Питер куда-то утащил Тони, собаки, забыв обо мне, побежали за Люськой. Мне осталось только подняться в свою комнату, которую Энни, разумеется, опять не проветрила, и приводить себя в порядок. Вдевая в уши серьги, я вспомнила самый первый вечер в Скайхилле. Показалось, что это было целую вечность назад.
— Не волнуйся, все будет хорошо, — сказала Маргарет, появившаяся, как обычно, внезапно.
— Никак не могу вспомнить, кто еще оказывался рядом так же, как ты. Только что не было — и вот пожалуйста. Как будто тень сгустилась.
— Не знаю. И не переживай из-за того, что тебе придется делить себя между подругой, Тони и мной. Я действительно все понимаю.
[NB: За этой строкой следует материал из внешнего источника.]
lemma ex_nat_with_low_bits: "\<exists>x::nat. x < 2^m \<and> (\<forall>k<m. bit x k = f k)"
proof (intro exI conjI allI impI)
  show "horner_sum of_bool 2 (map f [0..<m]) < (2::nat)^m"
    using horner_sum_of_bool_2_less[of "map f [0..<m]"] by simp
  show "bit (horner_sum of_bool 2 (map f [0..<m]) :: nat) k = f k" if "k < m" for k
    using that by (simp add: bit_horner_sum_bit_iff)
qed

lemma toggle_toggle [simp]: "toggle (toggle S p) p = S"
  by (auto simp: toggle_def)

lemma finite_toggle [simp]: "finite (toggle S p) \<longleftrightarrow> finite S"
  by (simp add: toggle_def)

lemma card_toggle:
  "finite S \<Longrightarrow> card (toggle S p) = (if p \<in> S then card S - 1 else card S + 1)"
  by (simp add: toggle_def)

lemma syndrome_bit_toggle:
  assumes "finite S"
  shows "syndrome_bit (toggle S p) k \<longleftrightarrow> syndrome_bit S k \<noteq> bit (p + 1) k"
proof -
  let ?J = "{j \<in> S. bit (j + 1) k}"
  have "{j \<in> toggle S p. bit (j + 1) k} = (if bit (p + 1) k then toggle ?J p else ?J)"
    by (auto simp: toggle_def)
  moreover have "finite ?J" using assms by simp
  moreover have "odd (card (toggle ?J p)) \<longleftrightarrow> even (card ?J)" if "finite ?J"
    using that by (cases "p \<in> ?J") (auto simp: card_toggle card_gt_0_iff)
  ultimately show ?thesis by (auto simp: syndrome_bit_def)
qed

lemma zero_syndrome_toggle_iff:
  "finite S \<Longrightarrow> zero_syndrome m (toggle S p) \<longleftrightarrow> (\<forall>k<m. bit (p + 1) k = syndrome_bit S k)"
  by (auto simp: zero_syndrome_def syndrome_bit_toggle)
Для меня главное — чтобы у вас все было хорошо.
— Но у нас ведь не все хорошо, так? — вздохнула я, уловив неуверенность в ее голосе.
— Я не знаю. Что-то действительно изменилось. После того как вы пытались… помочь мне. Я не знаю, как объяснить это. Просто чувствую. Понимаешь, сначала вы оба сомневались, получится ли что-то, боялись, что не сложится, но между вами все было… радостно, что ли? Светло. И вдруг появилось что-то темное — когда вы вернулись из Лондона.
— О господи… — застонала я. — Значит, это правда. Значит, я не придумала. Я тоже чувствую это. И мне кажется, что и Тони. Он не говорит ничего, конечно, но я вижу. Маргарет, я не знаю, что тогда произошло. Как будто мы забыли что-то. Ты хорошо помнишь тот день?
— Я помню все, — печально усмехнулась она. — Я же призрак.
— Джерри, конюх, сказал, что лошадь, на которой я езжу, очень сильно беспокоилась тогда. Именно в то время, когда мы были у ювелира. А когда я потом пришла в конюшню, она принялась меня целовать.
— Собаки в тот день тоже волновались. Как раз днем. Места себе не находили.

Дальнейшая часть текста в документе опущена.